* Exercise directions *
Answer with a number only, stating how many lines of the records hold the word "subseteq".

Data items
————

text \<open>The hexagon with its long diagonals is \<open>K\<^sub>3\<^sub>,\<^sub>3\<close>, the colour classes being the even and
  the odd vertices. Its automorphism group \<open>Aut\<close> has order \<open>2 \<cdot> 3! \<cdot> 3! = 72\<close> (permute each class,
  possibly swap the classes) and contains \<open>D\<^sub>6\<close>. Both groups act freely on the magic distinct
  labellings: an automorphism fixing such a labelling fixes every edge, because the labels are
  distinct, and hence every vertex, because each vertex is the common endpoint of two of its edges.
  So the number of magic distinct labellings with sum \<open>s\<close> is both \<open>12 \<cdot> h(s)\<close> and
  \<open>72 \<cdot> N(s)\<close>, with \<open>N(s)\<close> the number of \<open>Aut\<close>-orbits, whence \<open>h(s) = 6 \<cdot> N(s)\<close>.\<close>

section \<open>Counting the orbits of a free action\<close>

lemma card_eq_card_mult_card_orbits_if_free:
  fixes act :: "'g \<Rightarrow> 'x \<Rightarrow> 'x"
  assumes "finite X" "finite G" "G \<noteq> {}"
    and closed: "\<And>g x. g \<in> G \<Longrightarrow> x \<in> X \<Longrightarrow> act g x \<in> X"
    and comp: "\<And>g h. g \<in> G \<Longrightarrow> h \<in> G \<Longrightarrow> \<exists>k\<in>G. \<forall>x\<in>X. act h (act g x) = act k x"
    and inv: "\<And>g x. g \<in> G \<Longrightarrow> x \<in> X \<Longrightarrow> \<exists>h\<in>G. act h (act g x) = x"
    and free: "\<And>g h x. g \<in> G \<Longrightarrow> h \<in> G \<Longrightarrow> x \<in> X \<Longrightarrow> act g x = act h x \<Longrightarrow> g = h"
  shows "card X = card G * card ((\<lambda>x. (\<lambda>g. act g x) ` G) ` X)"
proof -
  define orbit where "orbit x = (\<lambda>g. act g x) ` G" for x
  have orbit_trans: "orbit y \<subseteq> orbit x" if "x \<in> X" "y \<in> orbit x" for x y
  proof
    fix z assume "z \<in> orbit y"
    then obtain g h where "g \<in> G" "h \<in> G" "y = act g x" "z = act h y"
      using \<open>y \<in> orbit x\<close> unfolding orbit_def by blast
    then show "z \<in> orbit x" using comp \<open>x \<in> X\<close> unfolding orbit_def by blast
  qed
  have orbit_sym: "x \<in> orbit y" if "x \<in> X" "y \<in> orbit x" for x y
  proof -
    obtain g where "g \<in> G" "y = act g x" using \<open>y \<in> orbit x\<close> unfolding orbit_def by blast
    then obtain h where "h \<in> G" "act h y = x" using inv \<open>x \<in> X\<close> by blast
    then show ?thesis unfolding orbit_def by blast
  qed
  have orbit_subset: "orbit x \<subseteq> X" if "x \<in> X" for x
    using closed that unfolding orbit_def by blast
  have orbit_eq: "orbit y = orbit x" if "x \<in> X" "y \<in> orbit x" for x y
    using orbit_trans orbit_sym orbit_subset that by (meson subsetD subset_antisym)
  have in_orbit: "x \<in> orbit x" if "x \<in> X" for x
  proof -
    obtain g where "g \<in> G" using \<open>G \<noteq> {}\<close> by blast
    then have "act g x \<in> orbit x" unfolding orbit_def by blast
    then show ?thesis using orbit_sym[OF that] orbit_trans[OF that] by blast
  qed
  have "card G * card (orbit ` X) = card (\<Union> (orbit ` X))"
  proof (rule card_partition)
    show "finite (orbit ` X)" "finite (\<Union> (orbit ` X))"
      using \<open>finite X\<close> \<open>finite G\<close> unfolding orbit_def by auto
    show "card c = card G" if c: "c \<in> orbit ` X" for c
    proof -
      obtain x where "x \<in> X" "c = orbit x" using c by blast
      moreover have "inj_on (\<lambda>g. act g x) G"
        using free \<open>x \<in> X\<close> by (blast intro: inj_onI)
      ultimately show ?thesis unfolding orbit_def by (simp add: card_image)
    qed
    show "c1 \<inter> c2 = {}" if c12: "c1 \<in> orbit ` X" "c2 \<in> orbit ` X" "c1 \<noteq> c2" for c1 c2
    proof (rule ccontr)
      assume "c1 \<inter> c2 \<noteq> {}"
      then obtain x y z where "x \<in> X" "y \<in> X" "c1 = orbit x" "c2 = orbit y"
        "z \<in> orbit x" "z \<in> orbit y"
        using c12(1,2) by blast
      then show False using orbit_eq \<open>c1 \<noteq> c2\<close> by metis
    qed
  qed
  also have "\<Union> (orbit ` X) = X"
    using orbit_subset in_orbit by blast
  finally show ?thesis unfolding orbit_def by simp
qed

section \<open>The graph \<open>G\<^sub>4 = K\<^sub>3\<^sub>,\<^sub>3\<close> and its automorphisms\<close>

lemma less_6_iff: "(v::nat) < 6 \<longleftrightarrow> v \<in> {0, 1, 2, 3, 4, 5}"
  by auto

————

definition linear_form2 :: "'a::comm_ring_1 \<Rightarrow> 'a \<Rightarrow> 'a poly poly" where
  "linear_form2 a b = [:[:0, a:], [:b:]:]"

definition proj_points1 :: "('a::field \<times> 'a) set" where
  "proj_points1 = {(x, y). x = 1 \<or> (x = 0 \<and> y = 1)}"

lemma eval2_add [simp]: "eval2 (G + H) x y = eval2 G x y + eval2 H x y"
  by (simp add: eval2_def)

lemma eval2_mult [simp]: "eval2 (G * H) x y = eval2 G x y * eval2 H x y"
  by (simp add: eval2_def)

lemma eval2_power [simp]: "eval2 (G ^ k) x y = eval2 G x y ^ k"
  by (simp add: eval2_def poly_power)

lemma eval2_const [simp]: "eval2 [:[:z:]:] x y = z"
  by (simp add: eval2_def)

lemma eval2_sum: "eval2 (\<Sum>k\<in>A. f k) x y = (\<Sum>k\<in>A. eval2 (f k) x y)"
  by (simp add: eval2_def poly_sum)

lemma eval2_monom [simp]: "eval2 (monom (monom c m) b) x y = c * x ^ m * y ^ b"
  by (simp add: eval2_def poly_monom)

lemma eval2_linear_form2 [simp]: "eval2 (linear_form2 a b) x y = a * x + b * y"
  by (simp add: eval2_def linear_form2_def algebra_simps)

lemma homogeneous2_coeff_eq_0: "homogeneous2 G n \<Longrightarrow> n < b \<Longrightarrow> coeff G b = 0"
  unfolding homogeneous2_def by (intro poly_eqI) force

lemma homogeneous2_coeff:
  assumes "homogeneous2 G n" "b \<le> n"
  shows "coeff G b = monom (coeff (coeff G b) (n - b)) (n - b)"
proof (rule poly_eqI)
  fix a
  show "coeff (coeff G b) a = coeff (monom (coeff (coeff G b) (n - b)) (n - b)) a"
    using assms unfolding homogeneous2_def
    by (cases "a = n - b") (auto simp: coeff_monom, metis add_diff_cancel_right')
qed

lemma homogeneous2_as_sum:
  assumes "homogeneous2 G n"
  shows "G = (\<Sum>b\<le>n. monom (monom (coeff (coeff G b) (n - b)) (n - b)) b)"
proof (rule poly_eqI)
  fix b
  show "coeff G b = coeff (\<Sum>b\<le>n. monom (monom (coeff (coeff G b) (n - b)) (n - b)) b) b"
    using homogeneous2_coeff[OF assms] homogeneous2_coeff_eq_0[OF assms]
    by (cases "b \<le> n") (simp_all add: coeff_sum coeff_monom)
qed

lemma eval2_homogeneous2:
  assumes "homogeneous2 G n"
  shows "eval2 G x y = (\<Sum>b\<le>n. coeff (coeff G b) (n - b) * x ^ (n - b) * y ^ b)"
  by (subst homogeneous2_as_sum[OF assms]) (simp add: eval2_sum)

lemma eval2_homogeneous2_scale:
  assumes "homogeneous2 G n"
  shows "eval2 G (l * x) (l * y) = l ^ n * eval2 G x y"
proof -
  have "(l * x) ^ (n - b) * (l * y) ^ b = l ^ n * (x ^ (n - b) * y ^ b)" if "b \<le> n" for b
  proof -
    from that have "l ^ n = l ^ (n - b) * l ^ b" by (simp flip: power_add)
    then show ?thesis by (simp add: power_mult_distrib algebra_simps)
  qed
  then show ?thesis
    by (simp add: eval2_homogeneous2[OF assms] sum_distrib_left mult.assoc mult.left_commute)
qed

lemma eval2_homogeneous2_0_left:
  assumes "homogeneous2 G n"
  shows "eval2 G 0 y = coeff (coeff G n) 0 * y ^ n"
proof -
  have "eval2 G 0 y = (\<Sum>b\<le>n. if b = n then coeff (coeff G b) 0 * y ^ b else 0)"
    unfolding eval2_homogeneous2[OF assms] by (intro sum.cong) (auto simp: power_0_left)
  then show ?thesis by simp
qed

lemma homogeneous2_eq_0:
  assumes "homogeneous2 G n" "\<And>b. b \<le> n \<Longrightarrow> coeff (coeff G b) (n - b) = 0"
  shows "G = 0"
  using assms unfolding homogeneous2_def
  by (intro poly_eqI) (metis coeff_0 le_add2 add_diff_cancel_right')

————

* Expected output *
2